Мурзинцев смотрел на Пономарева внимательно, задумчиво почесывал пальцами лоб, затем неторопливо кивнул. Прохор облегченно вздохнул.
— Верните ему пули и порох, — распорядился сотник, а сам теперь Лиса с Недолей разглядывал. Спросил: — Ну а вы? С нами или как?
— А что мы?! — возмутился Лис. — Нам ни воры, ни сам черт не страшны! Мы тебя,
— Ага, — поддакнул Недоля, выдержал паузу и добавил совершенно серьезно: — Пока у тебя, Анисимович, водка не кончится.
Васька прыснул от смеха, и следом за ним засмеялись все, даже пресвитер усмехнулся, а Рожин, улыбаясь, махнул на стрельцов рукой, мол, что с дурней взять, ни к чему серьезно относиться не могут.
Семен наполнил кружки чаем, раздал товарищам. Некоторое время молча прихлебывали парующий кипяток, согревались, затем Мурзинцев шумно выдохнул и сказал с явным облегчением:
— Стало быть, дезертиров среди нас нету. Теперь надо решать, чего делать дальше. Лексей, куда вогулы могут шайтана везти?

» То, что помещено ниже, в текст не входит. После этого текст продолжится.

lemma F_le_if_majorizes:
  assumes q: "prob_vec (tabulate N q)" and t: "prob_vec (tabulate N t)"
    and t_dec: "\<And>i l. 1 \<le> i \<Longrightarrow> i \<le> l \<Longrightarrow> l \<le> N \<Longrightarrow> t l \<le> t i"
    and prefix: "\<And>l. l \<le> N \<Longrightarrow> sum t {1..l} \<le> sum q {1..l}"
  shows "F (tabulate N q) \<le> F (tabulate N t)"
proof -
  have step: "\<exists>j\<in>{1..N}. \<exists>m\<in>{1..N}. t j < q' j \<and> q' m < t m \<and> t m \<le> t j \<and>
      (\<forall>l\<le>N. sum t {1..l} \<le> sum (transfer q' j m (min (q' j - t j) (t m - q' m))) {1..l})"
    if "\<forall>l\<le>N. sum t {1..l} \<le> sum q' {1..l}" "prob_vec (tabulate N q')"
      "\<exists>i\<in>{1..N}. q' i \<noteq> t i" for q'
    using that t t_dec by (intro majorization_transfer_exists) (auto simp: prob_vec_tabulate_iff)
  show ?thesis
    by (rule F_le_by_transfers[OF t step _ q]) (use prefix in auto)
qed

lemma F_le_average:
  assumes q: "prob_vec (tabulate N q)" and R: "R \<subseteq> {1..N}"
  shows "F (tabulate N q) \<le> F (tabulate N (\<lambda>i. if i \<in> R then sum q R / card R else q i))"
proof -
  define a where "a = sum q R / card R"
  define t where "t i = (if i \<in> R then a else q i)" for i
  have finR: "finite R" using R finite_subset by blast
  have "real (card R) * a = sum q R"
    using finR by (cases "R = {}") (auto simp: a_def)
  then have sum_t_R: "sum t R = sum q R" by (simp add: t_def)
  have split: "sum g {1..N} = sum g R + sum g ({1..N} - R)" for g :: "nat \<Rightarrow> real"
    using sum.subset_diff[OF R, of g] by simp
  have "0 \<le> a"
    using q R unfolding a_def prob_vec_tabulate_iff by (auto intro!: divide_nonneg_nonneg sum_nonneg)
  then have t: "prob_vec (tabulate N t)"
    using q sum_t_R split[of t] split[of q] by (auto simp: prob_vec_tabulate_iff t_def)
  have step: "\<exists>j\<in>{1..N}. \<exists>m\<in>{1..N}. t j < q' j \<and> q' m < t m \<and> t m \<le> t j \<and>
      (\<forall>i\<in>{1..N} - R. transfer q' j m (min (q' j - t j) (t m - q' m)) i = t i)"
    if P: "\<forall>i\<in>{1..N} - R. q' i = t i" and q': "prob_vec (tabulate N q')"
      and differ: "\<exists>i\<in>{1..N}. q' i \<noteq> t i" for q'
  proof -
    obtain i0 where "i0 \<in> {1..N}" "q' i0 \<noteq> t i0" using differ by blast
    then have i0: "i0 \<in> R" "q' i0 \<noteq> a" using P by (cases "i0 \<in> R"; auto simp: t_def)+
    have "sum q' ({1..N} - R) = sum t ({1..N} - R)" using P by simp
    then have sum_R: "sum q' R = sum (\<lambda>_. a) R"
      using q' t split[of q'] split[of t] sum_t_R \<open>real (card R) * a = sum q R\<close>
      by (simp add: prob_vec_tabulate_iff)
    obtain j m where j: "j \<in> R" "a < q' j" and m: "m \<in> R" "q' m < a"
      using exists_above_below_mean[OF finR sum_R i0] by blast
    have "t j < q' j" "q' m < t m" "t m \<le> t j" "j \<in> {1..N}" "m \<in> {1..N}"
      using j m R by (auto simp: t_def)
    moreover have "\<forall>i\<in>{1..N} - R. transfer q' j m (min (q' j - t j) (t m - q' m)) i = t i"
      using j m P by (auto simp: transfer_def)
    ultimately show ?thesis by blast
  qed
  have "F (tabulate N q) \<le> F (tabulate N t)"
    by (rule F_le_by_transfers[OF t step _ q]) (auto simp: t_def)
  moreover have "t = (\<lambda>i. if i \<in> R then sum q R / card R else q i)"
    by (simp add: fun_eq_iff t_def a_def)
  ultimately show ?thesis by simp
qed
(* Assume the activation and data assumptions below, and that Conditions 1 and 2 hold for the metric $G$. Let $0<\eta\alpha<2$. Then for sufficiently large $M$, with high probability, for all $t\ge0$, $$\|g(\theta_t)\|_2\le\Big(|1-\eta\alpha|+\tfrac{A'}{\sqrt M}\Big)^tR_0,\qquad \sum_{j=1}^t\|\theta_j-\theta_{j-1}\|_2\le AR_0\sum_{j=1}^t\Big(|1-\eta\alpha|+\tfrac{A'}{\sqrt M}\Big)^{j-1}\le\frac{2AR_0}{1-|1-\eta\alpha|},$$ where $A'=4KA^2R_0/(1-|1-\eta\alpha|)$.
   Context: Network: for $l=1,\dots,L$, $u_l=\frac{\sigma_w}{\sqrt{M_{l-1}}}W_lh_{l-1}+\sigma_b b_l$, $h_l=\phi(u_l)$, $h_0=x\in\mathbb{R}^{M_0}$; hidden widths $M_l=\alpha_lM$ ($\alpha_l>0$, $l<L$), $M_L=C$; output $f_\theta=u_L$; $\theta\in\mathbb{R}^P$ all parameters; initialization $\theta_0$ with all entries i.i.d. $\mathcal{N}(0,1)$. Assumption on activation: $\phi$ locally Lipschitz and non-polynomial, $\phi'$ locally Lipschitz. Assumption on data: training inputs $x_1,\dots,x_N$ with $\|x_n\|_2=1$ and $x_n\ne x_{n'}$ for $n\neq n'$; labels $y\in\mathbb{R}^{CN}$; loss $\mathcal{L}(\theta)=\frac1{2N}\|y-f_\theta(x)\|^2$ where $f_\theta(x)\in\mathbb{R}^{CN}$ concatenates outputs on training inputs. $J(\theta)=\nabla_\theta f_\theta(x)$ ($CN\times P$), $J_t=J(\theta_t)$; $g(\theta):=f_\theta(x)-y$. $G(\theta)$ is a $P\times P$ metric matrix (an approximate Fisher information computed on the training inputs), $G_t=G(\theta_t)$, and NGD is $\theta_{t+1}=\theta_t-\eta G_t^{-1}\nabla_\theta\mathcal{L}(\theta_t)$ (inverses taken in the zero-damping sense). $B(\theta_0,D)=\{\theta:\|\theta-\theta_0\|_2<D\}$; $\bar\eta=\eta/N$; $\|\cdot\|_2$ on matrices is the spectral norm. $K>0$ is a constant such that for large $M$ and every $D>0$, with high probability $\|J(\theta)\|_F\le K$ and $\|J(\theta)-J(\tilde\theta)\|_F\le K\|\theta-\tilde\theta\|_2/\sqrt M$ for all $\theta,\tilde\theta\in B(\theta_0,D)$ (such a constant exists under these assumptions). $R_0>0$ is a constant with $\|g(\theta_0)\|_2<R_0$ with high probability. Condition 1 (isotropic condition): at initialization $J_0G_0^{-1}J_0^\top/N=\alpha I$ for a constant $\alpha>0$. Condition 2: there is $A>0$ such that for large $M$ and every $D>0$, with high probability, $\bar\eta\|G(\theta_s)^{-1}J(\theta_s)^\top\|_2\le A$ and $\bar\eta\|G_0^{-1}J_0^\top-G(\theta_s)^{-1}J(\theta_s)^\top\|_2\le A\|\theta_s-\theta_0\|_2/\sqrt M$ for all $\theta_s\in B(\theta_0,D)$. "With high probability" means with probability tending to $1$ as $M\to\infty$. *)

theory Defs
  imports "HOL-Analysis.Analysis" "HOL-Probability.Probability"
    "HOL-Computational_Algebra.Polynomial"
begin
lemma approx_seq_tendsto:
  assumes wg: "weighted_graph b c" and npos: "\<forall>x. 0 < nweight b c x"
    and ap: "approx_seq b c f u"
  shows "(\<lambda>k. Qmax b c (f k)) \<longlonglongrightarrow> Qmax b c u"
    and "(\<lambda>k. norm2 (nweight b c) (f k)) \<longlonglongrightarrow> norm2 (nweight b c) u"
proof -
  have n: "\<And>x. 0 \<le> nweight b c x"
    using npos less_imp_le by blast
  have f: "finite_energy b c (f k)" "in_l2 (nweight b c) (f k)" for k
    using ap by (simp_all add: approx_seq_def fin_supp_finite_energy[OF wg] fin_supp_in_l2)
  obtain N where N: "\<And>k. N \<le> k \<Longrightarrow> finite_energy b c (\<lambda>x. f k x - u x)"
    using approx_seq_energy_tail[OF wg npos ap, of 1] by auto
  have "finite_energy b c (\<lambda>x. - (f N x - u x))"
    unfolding energy_uminus by (rule N) simp
  from finite_energy_add[OF wg f(1)[of N] this] have u: "finite_energy b c u"
    by simp
  have energy_lim: "(\<lambda>k. Qmax b c (\<lambda>x. f k x - u x)) \<longlonglongrightarrow> 0"
    by (rule approx_seq_energy_tendsto[OF wg npos ap])
  have energy_neg: "finite_energy b c (\<lambda>x. - g x) \<and> Qmax b c (\<lambda>x. - g x) = Qmax b c g"
    if "finite_energy b c g" for g
    using that by simp
  show "(\<lambda>k. Qmax b c (f k)) \<longlonglongrightarrow> Qmax b c u"
    by (rule tendsto_quasi_norm[where D = "finite_energy b c" and q = "Qmax b c",
          OF Qmax_add_le[OF wg] energy_neg Qmax_nonneg[OF wg] u f(1) N energy_lim])
  have l2_neg: "in_l2 (nweight b c) (\<lambda>x. - g x) \<and> norm2 (nweight b c) (\<lambda>x. - g x) = norm2 (nweight b c) g"
    if "in_l2 (nweight b c) g" for g
    using that by simp
  have l2_lim: "(\<lambda>k. norm2 (nweight b c) (\<lambda>x. f k x - u x)) \<longlonglongrightarrow> 0" and u_l2: "in_l2 (nweight b c) u"
    using ap unfolding approx_seq_def by simp_all
  show "(\<lambda>k. norm2 (nweight b c) (f k)) \<longlonglongrightarrow> norm2 (nweight b c) u"
    by (rule tendsto_quasi_norm[where D = "in_l2 (nweight b c)" and q = "norm2 (nweight b c)" and N = 0,
          OF norm2_add_le[OF n] l2_neg norm2_nonneg[OF n] u_l2 f(2) approx_seq_l2_diff[OF npos ap] l2_lim])
qed

lemma Qform_eq_Qmax:
  assumes wg: "weighted_graph b c" and npos: "\<forall>x. 0 < nweight b c x"
    and ap: "approx_seq b c f u"
  shows "Qform b c u = Qmax b c u"
  unfolding Qform_def
proof (rule the_equality)
  show "\<exists>f. approx_seq b c f u \<and> (\<lambda>k. Qmax b c (f k)) \<longlonglongrightarrow> Qmax b c u"
    using ap approx_seq_tendsto(1)[OF wg npos ap] by blast
next
  fix q
  assume "\<exists>f. approx_seq b c f u \<and> (\<lambda>k. Qmax b c (f k)) \<longlonglongrightarrow> q"
  then obtain g where "approx_seq b c g u" and "(\<lambda>k. Qmax b c (g k)) \<longlonglongrightarrow> q"
    by blast
  then show "q = Qmax b c u"
    using approx_seq_tendsto(1)[OF wg npos] LIMSEQ_unique by metis
qed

— Место болванам на капище, потому как вся прочая земля нечистая, по вогульским поверьям, — отозвался толмач. — Так что искать Медного гуся надо на вогульских и остяцких кумирнях. Помимо Белогорья по Оби я знаю еще три таких места. Одно в Вежакарах, это совсем далеко, там до Сосьвы рукой подать. Второе на Калтысянке, за Кодским городком, тоже не близко, — на этих словах Лис тыкнул локтем Игната в бок, но тот и бровью не повел.
Рожин продолжил:
— Но об этих капищах все знают, а вот третье мало кому известно. Тут в ста верстах на север в Обь впадает речушка Ендырь. На ней когда-то давно, века два-три назад, стояло остяцкое княжество Эмдер. От княжества давно ничего не осталось, хотя, может, остов острога и уцелел. Но слыхал я, что шастают туда остяки и скотину с собою водят, а вертаются без нее. Стало быть, животину на заклание идолам отводят.
— Ну тогда в Эмдер нам дорога, — постановил сотник и велел собираться.
Полчаса спустя подняли якорь, струг развернулся и пошел строго на север, наискось к реке, ближе к правому берегу, где Обь катилась по основному руслу.
За Белогорьем Обь распадалась на два рукава. Левое русло все еще вело на запад, а правое — прямиком на север. Через тридцать верст рукава разошлись друг от друга верст на двадцать пять, а между ними, как стадо оленей, тянулись острова. Местами деревья и кустарник торчали прямо из воды, будто недобритая щетина на щеке.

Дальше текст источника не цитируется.